Spelling mistakes alone was no small feat - especially when you get to countries that use French names - matching Saint, Sainte, St, Ste, Saints, Saintes, Sts, Stes, Grand, Grande, Grands, Grandes with or without period or hyphenation to the larger part of a name cause no end of performance issues - especially when St could mean saint or street and may or may not have been entered in the correct context (i.e. feminine vs. masculine). What if the address has largely been entered correctly but has an incorrect province or postal code?
One place to start your search is the Levenstein Distance Algorithm which I've found to be really useful for eliminating a large portion of spelling mistakes. After that, it's mostly a case of searching for keywords and comparing against a postal database.
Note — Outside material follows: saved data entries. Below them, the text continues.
text \<open>The map \<open>a\<^sup>e \<mapsto> a\<^sup>\<bar>\<^sup>e\<close>, a homomorphism \<open>\<Gamma>(t(e)) \<rightarrow> \<Gamma>(o(e))\<close> when \<open>\<Gamma>(e)\<^sup>e = \<Gamma>(t(e))\<close>.\<close>

definition contract_transfer :: "('v, 'e, 'g) graph_of_groups \<Rightarrow> 'e \<Rightarrow> 'g \<Rightarrow> 'g" where
  "contract_transfer X e = emb X (rev X e) \<circ> inv_into (carrier (egrp X e)) (emb X e)"

definition contract_elem :: "('v, 'e, 'g) graph_of_groups \<Rightarrow> 'e \<Rightarrow> 'v \<Rightarrow> 'g \<Rightarrow> 'g" where
  "contract_elem X e v = (if v = tgt X e then contract_transfer X e else id)"

definition contract :: "('v, 'e, 'g) graph_of_groups \<Rightarrow> 'e \<Rightarrow> ('v, 'e, 'g) graph_of_groups" where
  "contract X e = \<lparr>verts = verts X - {tgt X e}, edges = edges X - {e, rev X e}, rev = rev X,
     src = (\<lambda>f. contract_vertex X e (src X f)), tgt = (\<lambda>f. contract_vertex X e (tgt X f)),
     vgrp = vgrp X, egrp = egrp X, emb = (\<lambda>f. contract_elem X e (tgt X f) \<circ> emb X f)\<rparr>"

lemma contract_simps[simp]:
  "verts (contract X e) = verts X - {tgt X e}"
  "edges (contract X e) = edges X - {e, rev X e}"
  "rev (contract X e) = rev X"
  "src (contract X e) f = contract_vertex X e (src X f)"
  "tgt (contract X e) f = contract_vertex X e (tgt X f)"
  "vgrp (contract X e) = vgrp X"
  "egrp (contract X e) = egrp X"
  "emb (contract X e) f = contract_elem X e (tgt X f) \<circ> emb X f"
  by (simp_all add: contract_def)

fun project_letter :: "('v, 'e, 'g) graph_of_groups \<Rightarrow> 'e \<Rightarrow> ('v, 'e, 'g) letter \<Rightarrow> ('v, 'e, 'g) letter list" where
  "project_letter X e (VL v g) = [VL (contract_vertex X e v) (contract_elem X e v g)]"
| "project_letter X e (EL f) = (if f = e \<or> f = rev X e then [] else [EL f])"

definition project_word :: "('v, 'e, 'g) graph_of_groups \<Rightarrow> 'e \<Rightarrow> ('v, 'e, 'g) letter list \<Rightarrow> ('v, 'e, 'g) letter list" where
  "project_word X e w = concat (map (project_letter X e) w)"

lemma project_word_simps[simp]:
  "project_word X e [] = []"
  "project_word X e (l # w) = project_letter X e l @ project_word X e w"
  "project_word X e (u @ w) = project_word X e u @ project_word X e w"
  by (simp_all add: project_word_def)

text \<open>Paths of the contracted graph are lifted by inserting, where needed, the edge \<open>e\<close> or \<open>\<bar>e\<close>
  between consecutive edges.\<close>

definition contracted_step :: "('v, 'e, 'g) graph_of_groups \<Rightarrow> 'e \<Rightarrow> 'v \<Rightarrow> 'v \<Rightarrow> 'e list" where
  "contracted_step X e x y = (if x = y then [] else if x = src X e then [e] else [rev X e])"

fun lift_edges :: "('v, 'e, 'g) graph_of_groups \<Rightarrow> 'e \<Rightarrow> 'v \<Rightarrow> 'e list \<Rightarrow> 'e list" where
  "lift_edges X e x [] = []"
| "lift_edges X e x (f # fs) = contracted_step X e x (src X f) @ f # lift_edges X e (tgt X f) fs"

locale surjective_tree_edge =
  fixes X :: "('v, 'e, 'g) graph_of_groups" and T :: "'e set" and e :: 'e
  assumes gog: "is_graph_of_groups X" and tree: "spanning_tree X T" and e_in_tree: "e \<in> T"
    and surj: "emb X e ` carrier (egrp X e) = carrier (vgrp X (tgt X e))"
begin

abbreviation "X' \<equiv> contract X e"
abbreviation "T' \<equiv> T - {e, rev X e}"

lemmas edgeD = graph_of_groupsD[OF gog]

lemma tree_edges: "T \<subseteq> edges X" "T' \<subseteq> edges X'"
  using spanning_treeD(1)[OF tree] by auto

lemma e_edges: "e \<in> edges X" "rev X e \<in> edges X" "rev X e \<in> T"
  using e_in_tree tree_edges spanning_treeD(2)[OF tree] by auto

lemma src_ne_tgt: "src X e \<noteq> tgt X e"
  using spanning_tree_src_ne_tgt[OF gog tree e_in_tree] .

lemma ends_verts: "src X e \<in> verts X'" "tgt X e \<in> verts X"
  using edgeD(4,5)[OF e_edges(1)] src_ne_tgt by auto

lemma contract_vertex_verts: "v \<in> verts X \<Longrightarrow> contract_vertex X e v \<in> verts X'"
  using ends_verts by (auto simp: contract_vertex_def)

lemma rev_ne_e: "f \<in> edges X \<Longrightarrow> f \<notin> {e, rev X e} \<Longrightarrow> rev X f \<noteq> e \<and> rev X f \<noteq> rev X e"
  using graph_of_groups_rev_eq_iff[OF gog, of f e] graph_of_groups_rev_eq_iff[OF gog, of f "rev X e"]
    edgeD(3)[OF e_edges(1)] e_edges by auto

lemma emb_rev_e: "emb X (rev X e) \<in> hom (egrp X e) (vgrp X (src X e))"
  "inj_on (emb X (rev X e)) (carrier (egrp X e))"
  using edgeD[OF e_edges(2)] edgeD(3)[OF e_edges(1)] by metis+

lemma emb_e_iso: "emb X e \<in> iso (egrp X e) (vgrp X (tgt X e))"
  using edgeD(10,11)[OF e_edges(1)] surj by (simp add: iso_iff)

lemma contract_transfer_hom: "contract_transfer X e \<in> hom (vgrp X (tgt X e)) (vgrp X (src X e))"
proof -
  have "inv_into (carrier (egrp X e)) (emb X e) \<in> iso (vgrp X (tgt X e)) (egrp X e)"
    using group.iso_set_sym[OF edgeD(8)[OF e_edges(1)] emb_e_iso] .
  then show ?thesis
    unfolding contract_transfer_def using hom_compose emb_rev_e(1) by (blast dest: iso_imp_homomorphism)
qed

lemma contract_transfer_inj: "inj_on (contract_transfer X e) (carrier (vgrp X (tgt X e)))"
proof -
  have "bij_betw (inv_into (carrier (egrp X e)) (emb X e)) (carrier (vgrp X (tgt X e))) (carrier (egrp X e))"
    using bij_betw_inv_into[OF bij_betw_imageI[OF edgeD(11)[OF e_edges(1)] surj]] .
  then show ?thesis
    unfolding contract_transfer_def bij_betw_def by (intro comp_inj_on) (simp_all add: emb_rev_e(2))
qed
I would be really interested in collaborating with anyone that is currently developing tools to do this, perhaps we can assist each other to a common solution. I'm already part of the way there and have overcome all the issues I've mentioned so far, having someone else working on the same problem would be really helpful to bounce ideas off.
Cheers -
[ben at afsinc dot ca]
If you would prefer tonot develop one and rather use an off-the-shelf product that uses many of the technologies mentioned here, see: http://www.melissadata.com/dqt/matchup-api.htm
Disclaimer: I had a role in its development and work for the company.
In the UK we would use:
House Name or Number (where name includes Flat number for apartment blocks)
Postcode
You should certainly be using the postcode, but in the US I believe your Zip codes cover very wide areas compared to postcodes in the UK. You would therefore need to use the street and city.
Your example wouldn't differentiate between 11 Test Street, 110 - 119 Test Street, etc.
If your company has access to an address lookup system, I would run all the data through that to get the data back in a consistent format, possibly with address keys that can be used for matching.
If I was to take a crack at this I'd convert each address string into a tree using a pre-defined order of operations.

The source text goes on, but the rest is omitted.